BEGIN Provided information

(* Let $K,H\le\mathbb{H}^\times$ be finite with $[K,K]\le H\trianglelefteq K$ and $H\ne\{1\}$, and let $n\ge3$. Then the poset $\mathcal{P}(G_n(K,H))$ of parabolic subgroups of $G_n(K,H)$ (ordered by inclusion), and hence the intersection lattice $L(\mathcal{A}(G_n(K,H)))$ (ordered by reverse inclusion), is isomorphic to the Dowling lattice $\mathcal{D}_n(K)$.
   Context: $\mathbb{H}$: quaternions. $A_n(K,H)$: diagonal matrices $\mathrm{diag}(k_1,\dots,k_n)$, $k_i\in K$, $k_1\cdots k_n\in H$; $G_n(K,H)$: group generated by $A_n(K,H)$ and permutation matrices, acting on $\mathbb{H}^n$ by left multiplication; it is a quaternionic reflection group (generated by finite-order $g$ with $\mathrm{rk}(1-g)=1$), $\mathcal{A}(G)$ is the set of fixed hyperplanes of its reflections, and $L(\mathcal{A})$ the set of intersections of subsets of $\mathcal{A}$. A parabolic subgroup is the pointwise stabilizer of a subset of $\mathbb{H}^n$. Dowling lattice $\mathcal{D}_n(K)$: its elements are partial $K$-partitions of $\{1,\dots,n\}$, i.e. sets $\{(B_1,[\xi_1]),\dots,(B_d,[\xi_d])\}$ where $B_1,\dots,B_d$ are pairwise disjoint nonempty subsets of $\{1,\dots,n\}$ (not necessarily covering it) and $[\xi_j]$ is the class of a function $\xi_j:B_j\to K$ modulo $\xi_j\sim g\xi_j$ ($g\in K$ constant, left multiplication). The order is: $\pi\le\pi'$ iff every block $(B',[\xi'])$ of $\pi'$ satisfies $B'=B_{i_1}\cup\dots\cup B_{i_p}$ for some blocks $(B_{i_r},[\xi_{i_r}])$ of $\pi$ with $\xi'|_{B_{i_r}}\in K\cdot\xi_{i_r}$ for each $r$. *)

theory Defs
  imports Complex_Main "HOL-Combinatorics.Permutations"
begin

datatype quat = Quat (qre: real) (qi: real) (qj: real) (qk: real)

instantiation quat :: ring_1
begin
definition "0 = Quat 0 0 0 0"
definition "1 = Quat 1 0 0 0"
definition "x + y = Quat (qre x + qre y) (qi x + qi y) (qj x + qj y) (qk x + qk y)"
definition "x - y = Quat (qre x - qre y) (qi x - qi y) (qj x - qj y) (qk x - qk y)"
definition "- x = Quat (- qre x) (- qi x) (- qj x) (- qk x)"
definition "x * y = Quat
   (qre x * qre y - qi x * qi y - qj x * qj y - qk x * qk y)
   (qre x * qi y + qi x * qre y + qj x * qk y - qk x * qj y)
   (qre x * qj y - qi x * qk y + qj x * qre y + qk x * qi y)
   (qre x * qk y + qi x * qj y - qj x * qi y + qk x * qre y)"
instance
  by standard (simp_all add: zero_quat_def one_quat_def plus_quat_def minus_quat_def
      uminus_quat_def times_quat_def quat.expand algebra_simps)
end

definition qconj :: "quat \<Rightarrow> quat" where
  "qconj x = Quat (qre x) (- qi x) (- qj x) (- qk x)"
definition qnsq :: "quat \<Rightarrow> real" where
  "qnsq x = (qre x)\<^sup>2 + (qi x)\<^sup>2 + (qj x)\<^sup>2 + (qk x)\<^sup>2"
definition qscale :: "real \<Rightarrow> quat \<Rightarrow> quat" where
  "qscale c x = Quat (c * qre x) (c * qi x) (c * qj x) (c * qk x)"

lemma qconj_mult: "qconj x * x = Quat (qnsq x) 0 0 0" "x * qconj x = Quat (qnsq x) 0 0 0"
  by (simp_all add: qconj_def qnsq_def times_quat_def power2_eq_square algebra_simps)
lemma qscale_mult: "qscale c x * y = qscale c (x * y)" "x * qscale c y = qscale c (x * y)"
  by (simp_all add: qscale_def times_quat_def algebra_simps)
lemma qnsq_nz: "x \<noteq> 0 \<Longrightarrow> qnsq x \<noteq> 0"
  by (cases x) (simp add: qnsq_def zero_quat_def add_nonneg_eq_0_iff)

instantiation quat :: division_ring
begin
definition "inverse x = qscale (1 / qnsq x) (qconj x)"
definition "x div (y::quat) = x * inverse y"
instance
proof
  fix a :: quat
  assume "a \<noteq> 0"
  then have r: "qnsq a \<noteq> 0" by (rule qnsq_nz)
  show "inverse a * a = 1" "a * inverse a = 1"
    using r by (simp_all only: inverse_quat_def qscale_mult qconj_mult; simp add: qscale_def one_quat_def)+
next
  show "inverse (0::quat) = 0"
    by (simp add: inverse_quat_def zero_quat_def qscale_def qnsq_def)
next
  fix a b :: quat show "a div b = a * inverse b" by (simp add: divide_quat_def)
qed
end

text \<open>Vectors in H^n are functions nat => quat vanishing outside {0..<n};
  matrices are functions nat => nat => quat vanishing outside {0..<n} x {0..<n}.\<close>

definition qvecs :: "nat \<Rightarrow> (nat \<Rightarrow> quat) set" where
  "qvecs n = {v. \<forall>i. n \<le> i \<longrightarrow> v i = 0}"

definition mmul :: "nat \<Rightarrow> (nat \<Rightarrow> nat \<Rightarrow> quat) \<Rightarrow> (nat \<Rightarrow> nat \<Rightarrow> quat) \<Rightarrow> (nat \<Rightarrow> nat \<Rightarrow> quat)" where
  "mmul n A B = (\<lambda>i j. if i < n \<and> j < n then (\<Sum>k<n. A i k * B k j) else 0)"

definition idm :: "nat \<Rightarrow> (nat \<Rightarrow> nat \<Rightarrow> quat)" where
  "idm n = (\<lambda>i j. if i < n \<and> i = j then 1 else 0)"

definition minv :: "nat \<Rightarrow> (nat \<Rightarrow> nat \<Rightarrow> quat) \<Rightarrow> (nat \<Rightarrow> nat \<Rightarrow> quat)" where
  "minv n A = (SOME B. mmul n A B = idm n \<and> mmul n B A = idm n)"

definition mpow :: "nat \<Rightarrow> (nat \<Rightarrow> nat \<Rightarrow> quat) \<Rightarrow> nat \<Rightarrow> (nat \<Rightarrow> nat \<Rightarrow> quat)" where
  "mpow n A m = ((mmul n A) ^^ m) (idm n)"

definition mvec :: "nat \<Rightarrow> (nat \<Rightarrow> nat \<Rightarrow> quat) \<Rightarrow> (nat \<Rightarrow> quat) \<Rightarrow> (nat \<Rightarrow> quat)" where
  "mvec n A v = (\<lambda>i. if i < n then (\<Sum>j<n. A i j * v j) else 0)"

definition diagm :: "nat \<Rightarrow> (nat \<Rightarrow> quat) \<Rightarrow> (nat \<Rightarrow> nat \<Rightarrow> quat)" where
  "diagm n d = (\<lambda>i j. if i < n \<and> i = j then d i else 0)"

definition permm :: "nat \<Rightarrow> (nat \<Rightarrow> nat) \<Rightarrow> (nat \<Rightarrow> nat \<Rightarrow> quat)" where
  "permm n p = (\<lambda>i j. if i < n \<and> j < n \<and> i = p j then 1 else 0)"
lemma degree_low_poly: "degree low_poly < t"
  using degree_node_poly_low_minus[of "{}"] by (simp add: low_poly_def)

lemma degree_low_poly_except: "degree (low_poly_except a) < t"
  by (simp add: low_poly_except_def degree_node_poly_low_minus)

lemma poly_low_poly_s: "x \<in> V \<Longrightarrow> poly low_poly (s x) = 0 \<longleftrightarrow> x \<in> low"
  using low_subset by (simp add: low_poly_def poly_node_poly_s_eq_0_iff)

lemma poly_low_poly_except_other: "x \<in> low \<Longrightarrow> x \<noteq> a \<Longrightarrow> poly (low_poly_except a) (s x) = 0"
  using finite_low by (simp add: low_poly_except_def poly_node_poly_eq_0_iff)

lemma poly_low_poly_except_self: "a \<in> low \<Longrightarrow> poly (low_poly_except a) (s a) \<noteq> 0"
  using low_subset poly_node_poly_s_eq_0_iff[of "low - {a}" a] by (auto simp: low_poly_except_def)

lemma poly_low_poly_tau: "poly low_poly (tau x) \<noteq> 0"
  using low_subset by (simp add: low_poly_def poly_node_poly_s_tau)

lemma pair2_low_poly_low_clique:
  assumes "e \<in> loop_edges low" "degree Q < t"
  shows "pair_poly2 t low_poly Q (edge_vec e) = 0"
proof -
  obtain x z where xz: "x \<in> low" "z \<in> low" "e = {x, z}" by (rule loop_edges_cases[OF assms(1)])
  have L0: "poly low_poly (s w) = 0" if "w \<in> low" for w
    using that low_subset poly_low_poly_s by blast
  show ?thesis
  proof (cases "x = z")
    case True
    then show ?thesis
      using xz assms(2) L0 partner(1)[OF xz(1)] by (simp add: pair2_loop pair_y_low degree_low_poly)
  next
    case False
    then show ?thesis using xz assms(2) L0 by (simp add: pair2_edge degree_low_poly)
  qed
qed

lemma low_clique_annihilated:
  assumes "finite B" "loop_edges low \<inter> B = {}"
    and "\<And>ij. (\<Sum>e\<in>loop_edges low \<union> B. c e * edge_vec e ij) = 0" "degree Q < t"
  shows "(\<Sum>e\<in>B. c e * pair_poly2 t low_poly Q (edge_vec e)) = 0"
proof -
  have fin: "finite (loop_edges low)" using finite_low by (rule finite_loop_edges)
  have "(\<Sum>e\<in>loop_edges low \<union> B. c e * pair_poly2 t low_poly Q (edge_vec e)) = 0"
    using assms(3) by (rule pair_poly2_lin_comb)
  moreover have "(\<Sum>e\<in>loop_edges low. c e * pair_poly2 t low_poly Q (edge_vec e)) = 0"
    using pair2_low_poly_low_clique assms(4) by simp
  ultimately show ?thesis using fin assms(1,2) by (simp add: sum.union_disjoint)
qed

lemma low_clique_loop_coeff_eq_0:
  assumes rel: "\<And>ij. (\<Sum>e\<in>loop_edges low. c e * edge_vec e ij) = 0" and a: "a \<in> low"
  shows "c {a} = 0"
proof (rule coeff_eq_0_by_pair_poly2[OF finite_loop_edges[OF finite_low] rel,
      where P = "low_poly_except a" and Q = "low_poly_except a"])
  show "{a} \<in> loop_edges low" using a by (rule singleton_in_loop_edges)
  have "pair_poly2 t (low_poly_except a) (low_poly_except a) (edge_vec {a})
      = 2 * (poly (low_poly_except a) (s a) * poly (low_poly_except a) (s a))"
    using a partner[OF a] by (simp add: pair2_loop pair_y_low degree_low_poly_except poly_low_poly_except_other)
  then show "pair_poly2 t (low_poly_except a) (low_poly_except a) (edge_vec {a}) \<noteq> 0"
    using poly_low_poly_except_self[OF a] by simp
next
  fix e assume e: "e \<in> loop_edges low" "e \<noteq> {a}"
  obtain x z where xz: "x \<in> low" "z \<in> low" "e = {x, z}"
    using e(1) by (rule loop_edges_cases)
  show "c e * pair_poly2 t (low_poly_except a) (low_poly_except a) (edge_vec e) = 0"
  proof (cases "x = z")
    case True
    then show ?thesis using xz e by (simp add: pair2_loop degree_low_poly_except poly_low_poly_except_other)
  next
    case False
    then have "x \<noteq> a \<or> z \<noteq> a" by blast
    then show ?thesis using xz False by (auto simp: pair2_edge degree_low_poly_except poly_low_poly_except_other)
  qed
qed

lemma low_clique_edge_coeff_eq_0:
  assumes rel: "\<And>ij. (\<Sum>e\<in>loop_edges low. c e * edge_vec e ij) = 0"
    and ab: "a \<in> low" "b \<in> low" "a \<noteq> b"
  shows "c {a, b} = 0"
proof (rule coeff_eq_0_by_pair_poly2[OF finite_loop_edges[OF finite_low] rel,
      where P = "low_poly_except a" and Q = "low_poly_except b"])
  show "{a, b} \<in> loop_edges low" using ab(1,2) by (rule doubleton_in_loop_edges)
  show "pair_poly2 t (low_poly_except a) (low_poly_except b) (edge_vec {a, b}) \<noteq> 0"
    using ab poly_low_poly_except_self[of a] poly_low_poly_except_self[of b]
    by (simp add: pair2_edge degree_low_poly_except poly_low_poly_except_other)
next
  fix e assume e: "e \<in> loop_edges low" "e \<noteq> {a, b}"
  obtain x z where xz: "x \<in> low" "z \<in> low" "e = {x, z}"
    using e(1) by (rule loop_edges_cases)
  show "c e * pair_poly2 t (low_poly_except a) (low_poly_except b) (edge_vec e) = 0"
  proof (cases "x = z")
    case True
    then show ?thesis using xz low_clique_loop_coeff_eq_0[OF rel] by simp
  next
    case False
    have "\<not> (x = a \<and> z = b)" "\<not> (z = a \<and> x = b)" using e xz by auto
    then have vanish: "poly (low_poly_except a) (s x) * poly (low_poly_except b) (s z) = 0"
        "poly (low_poly_except a) (s z) * poly (low_poly_except b) (s x) = 0"
      using xz(1,2) by (auto simp: poly_low_poly_except_other)
    show ?thesis using False by (simp add: xz(3) pair2_edge degree_low_poly_except vanish)
  qed
qed
(* Let $L_x, L_y>0$, $L_{xy}\geq 0$, $\mu_x,\mu_y$ with $0<\mu_x\le L_x$, $0<\mu_y\le L_y$, and let $F\in\mathcal{F}(L_x, L_y, L_{xy}, \mu_x, \mu_y)$ (defined in the context). Let $(x^\star,y^\star)$ be the unique saddle point of $F$. Set $L=\max\{L_x, L_y\}$ and $\mu=\min\{\mu_x, \mu_y\}$. If $t\in\left(0, \tfrac{2\mu}{\mu L+L_{xy}^2}\right)$, then for any $(x^1,y^1)\in\mathbb{R}^n\times\mathbb{R}^m$, the point $(x^2,y^2)$ obtained by one step of the gradient descent-ascent method with step length $t$, i.e. $x^{2}=x^1-t\nabla_x F(x^1, y^1)$, $y^{2}=y^1+t\nabla_y F(x^1, y^1)$, satisfies $$ \|x^2-x^\star\|^2+\|y^2-y^\star\|^2\leq \alpha\left(\|x^1-x^\star\|^2+\|y^1-y^\star\|^2\right), $$ where $$ \alpha=1+\tfrac{1}{2}\left(L^2+\mu^2+2L_{xy}^2\right)t^2-(L+\mu)t +\tfrac{1}{2}(L-\mu)t\sqrt{(Lt + \mu t - 2)^2 + 4L_{xy}^2t^2}. $$
   Context: $F:\mathbb{R}^n\times\mathbb{R}^m\to\mathbb{R}$ is differentiable. $\mathcal{F}(L_x, L_y, L_{xy}, \mu_x, \mu_y)$ denotes the set of such $F$ satisfying, for all $x,x_1,x_2\in\mathbb{R}^n$, $y,y_1,y_2\in\mathbb{R}^m$: $\|\nabla_x F(x_2, y)-\nabla_x F(x_1, y)\|\leq L_x\|x_2-x_1\|$; $\|\nabla_y F(x, y_2)-\nabla_y F(x, y_1)\|\leq L_y\|y_2-y_1\|$; $\|\nabla_x F(x, y_2)-\nabla_x F(x, y_1)\|\leq L_{xy}\|y_2-y_1\|$; $\|\nabla_y F(x_2, y)-\nabla_y F(x_1, y)\|\leq L_{xy}\|x_2-x_1\|$; and $F(\cdot, y)-\tfrac{\mu_x}{2}\|\cdot\|^2$ is convex for every $y$ and $F(x,\cdot)+\tfrac{\mu_y}{2}\|\cdot\|^2$ is concave for every $x$. A saddle point is $(x^\star,y^\star)$ with $F(x^\star, y)\leq F(x^\star, y^\star)\leq F(x, y^\star)$ for all $x,y$; when $\mu_x,\mu_y>0$ it exists and is unique. *)

theory Defs
  imports "HOL-Analysis.Analysis"
begin

definition grad_x :: "('n::euclidean_space \<Rightarrow> 'm::euclidean_space \<Rightarrow> real) \<Rightarrow> 'n \<Rightarrow> 'm \<Rightarrow> 'n" where
  "grad_x F x y = (THE g. ((\<lambda>u. F u y) has_derivative (\<lambda>h. g \<bullet> h)) (at x))"

definition grad_y :: "('n::euclidean_space \<Rightarrow> 'm::euclidean_space \<Rightarrow> real) \<Rightarrow> 'n \<Rightarrow> 'm \<Rightarrow> 'm" where
  "grad_y F x y = (THE g. ((\<lambda>v. F x v) has_derivative (\<lambda>h. g \<bullet> h)) (at y))"

definition func_class ::
  "real \<Rightarrow> real \<Rightarrow> real \<Rightarrow> real \<Rightarrow> real \<Rightarrow> ('n::euclidean_space \<Rightarrow> 'm::euclidean_space \<Rightarrow> real) set" where
  "func_class Lx Ly Lxy mux muy = {F.
     (\<forall>p. (\<lambda>(x, y). F x y) differentiable (at p)) \<and>
     (\<forall>x1 x2 y. norm (grad_x F x2 y - grad_x F x1 y) \<le> Lx * norm (x2 - x1)) \<and>
     (\<forall>x y1 y2. norm (grad_y F x y2 - grad_y F x y1) \<le> Ly * norm (y2 - y1)) \<and>
     (\<forall>x y1 y2. norm (grad_x F x y2 - grad_x F x y1) \<le> Lxy * norm (y2 - y1)) \<and>
     (\<forall>x1 x2 y. norm (grad_y F x2 y - grad_y F x1 y) \<le> Lxy * norm (x2 - x1)) \<and>
     (\<forall>y. convex_on UNIV (\<lambda>x. F x y - mux / 2 * (norm x)\<^sup>2)) \<and>
     (\<forall>x. concave_on UNIV (\<lambda>y. F x y + muy / 2 * (norm y)\<^sup>2))}"

definition is_saddle_point :: "('n \<Rightarrow> 'm \<Rightarrow> real) \<Rightarrow> 'n \<Rightarrow> 'm \<Rightarrow> bool" where
  "is_saddle_point F xs ys \<longleftrightarrow> (\<forall>x y. F xs y \<le> F xs ys \<and> F xs ys \<le> F x ys)"

end

theory Submission
  imports Defs
begin

(* Let z = (x, y) and z* the saddle point. F(., y) and -F(x, .) are L-smooth and mu-strongly
   convex, so the interpolation inequalities of Taylor, Hendrickx and Glineur hold between x1 and
   x* at the two levels y1, y*, and between y1 and y* at the levels x1, x*; the changes of the
   gradients across levels are bounded by Lxy. Multiplied by 8 (L - mu) S, where
   S = sqrt ((L t + mu t - 2)^2 + 4 Lxy^2 t^2), the gap alpha |z1 - z*|^2 - |z2 - z*|^2 is a
   nonnegative combination of these eight inequalities and four cross bounds plus a sum of squares.
   This certificate needs L > mu and Lxy > 0; the degenerate cases follow by continuity. *)

lemma the_gradient_eq:
  fixes f :: "'a::real_inner \<Rightarrow> real"
  assumes "(f has_derivative (\<lambda>h. g \<bullet> h)) (at x)"
  shows "(THE g. (f has_derivative (\<lambda>h. g \<bullet> h)) (at x)) = g"
proof (rule the_equality)
  fix g' assume "(f has_derivative (\<lambda>h. g' \<bullet> h)) (at x)"
  with assms have "(\<lambda>h. g \<bullet> h) = (\<lambda>h. g' \<bullet> h)" by (rule has_derivative_unique)
  then show "g' = g" by (metis vector_eq_rdot)
qed (fact assms)

lemma has_derivative_the_gradient:
  fixes f :: "'a::euclidean_space \<Rightarrow> real"
  assumes "(f has_derivative D) (at x)"
  shows "(f has_derivative (\<lambda>h. (THE g. (f has_derivative (\<lambda>h. g \<bullet> h)) (at x)) \<bullet> h)) (at x)"
proof -
  have "linear D" using assms by (rule has_derivative_linear)
  then have "D = (\<lambda>h. adjoint D 1 \<bullet> h)" by (simp add: fun_eq_iff adjoint_works inner_commute)
  with assms have "(f has_derivative (\<lambda>h. adjoint D 1 \<bullet> h)) (at x)" by metis
  then show ?thesis by (simp add: the_gradient_eq)
qed

lemma gradient_eq_0_at_minimum:
  fixes f :: "'a::real_inner \<Rightarrow> real"
  assumes "(f has_derivative (\<lambda>h. g \<bullet> h)) (at x)" and "\<And>y. f x \<le> f y"
  shows "g = 0"
proof -
  have "(\<lambda>h. g \<bullet> h) = (\<lambda>h. 0)"
    using assms by (intro has_derivative_local_min[OF assms(1)]) (auto intro: always_eventually)
  then show ?thesis by (metis inner_eq_zero_iff)
qed

lemma lipschitz_gradient_upper_bound:
  fixes f :: "'a::real_inner \<Rightarrow> real"
  assumes deriv: "\<And>x. (f has_derivative (\<lambda>h. g x \<bullet> h)) (at x)"
    and lip: "\<And>x y. norm (g x - g y) \<le> L * norm (x - y)"
  shows "f z \<le> f x + g x \<bullet> (z - x) + L / 2 * (norm (z - x))\<^sup>2"
proof -
  define d where "d = z - x"
  define \<psi> where "\<psi> s = f (x + s *\<^sub>R d) - s * (g x \<bullet> d) - L / 2 * s\<^sup>2 * (norm d)\<^sup>2" for s :: real
  have \<psi>_deriv: "(\<psi> has_real_derivative (g (x + s *\<^sub>R d) - g x) \<bullet> d - L * s * (norm d)\<^sup>2) (at s)" for s
  proof -
    have "((\<lambda>s. f (x + s *\<^sub>R d)) has_derivative (\<lambda>h. g (x + s *\<^sub>R d) \<bullet> (h *\<^sub>R d))) (at s)"
      by (rule has_derivative_compose[OF _ deriv]) (auto intro!: derivative_eq_intros)
    then have "((\<lambda>s. f (x + s *\<^sub>R d)) has_real_derivative g (x + s *\<^sub>R d) \<bullet> d) (at s)"
      unfolding has_field_derivative_def by (rule has_derivative_eq_rhs) (simp add: fun_eq_iff)
    then show ?thesis
      unfolding \<psi>_def by (auto intro!: derivative_eq_intros simp: inner_diff_left)
  qed
  have slope: "(g (x + s *\<^sub>R d) - g x) \<bullet> d \<le> L * s * (norm d)\<^sup>2" if "0 \<le> s" for s
  proof -
    have "(g (x + s *\<^sub>R d) - g x) \<bullet> d \<le> norm (g (x + s *\<^sub>R d) - g x) * norm d"
      by (rule norm_cauchy_schwarz)
    also have "\<dots> \<le> L * norm (s *\<^sub>R d) * norm d"
      using lip[of "x + s *\<^sub>R d" x] by (simp add: mult_right_mono)
    finally show ?thesis using that by (simp add: power2_eq_square mult.assoc)
  qed
  have "\<psi> 1 \<le> \<psi> 0"
  proof (rule DERIV_nonpos_imp_nonincreasing[of 0 1 \<psi>])
    fix s :: real assume "0 \<le> s" "s \<le> 1"
    show "\<exists>y. (\<psi> has_real_derivative y) (at s) \<and> y \<le> 0"
      using \<psi>_deriv[of s] slope[OF \<open>0 \<le> s\<close>] by (intro exI conjI) (assumption, simp)
  qed simp
  then show ?thesis unfolding \<psi>_def d_def by simp
qed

END Provided information

Please determine the number of lines in the records above that include the string "metis", and answer with that number only.

**Result:** 3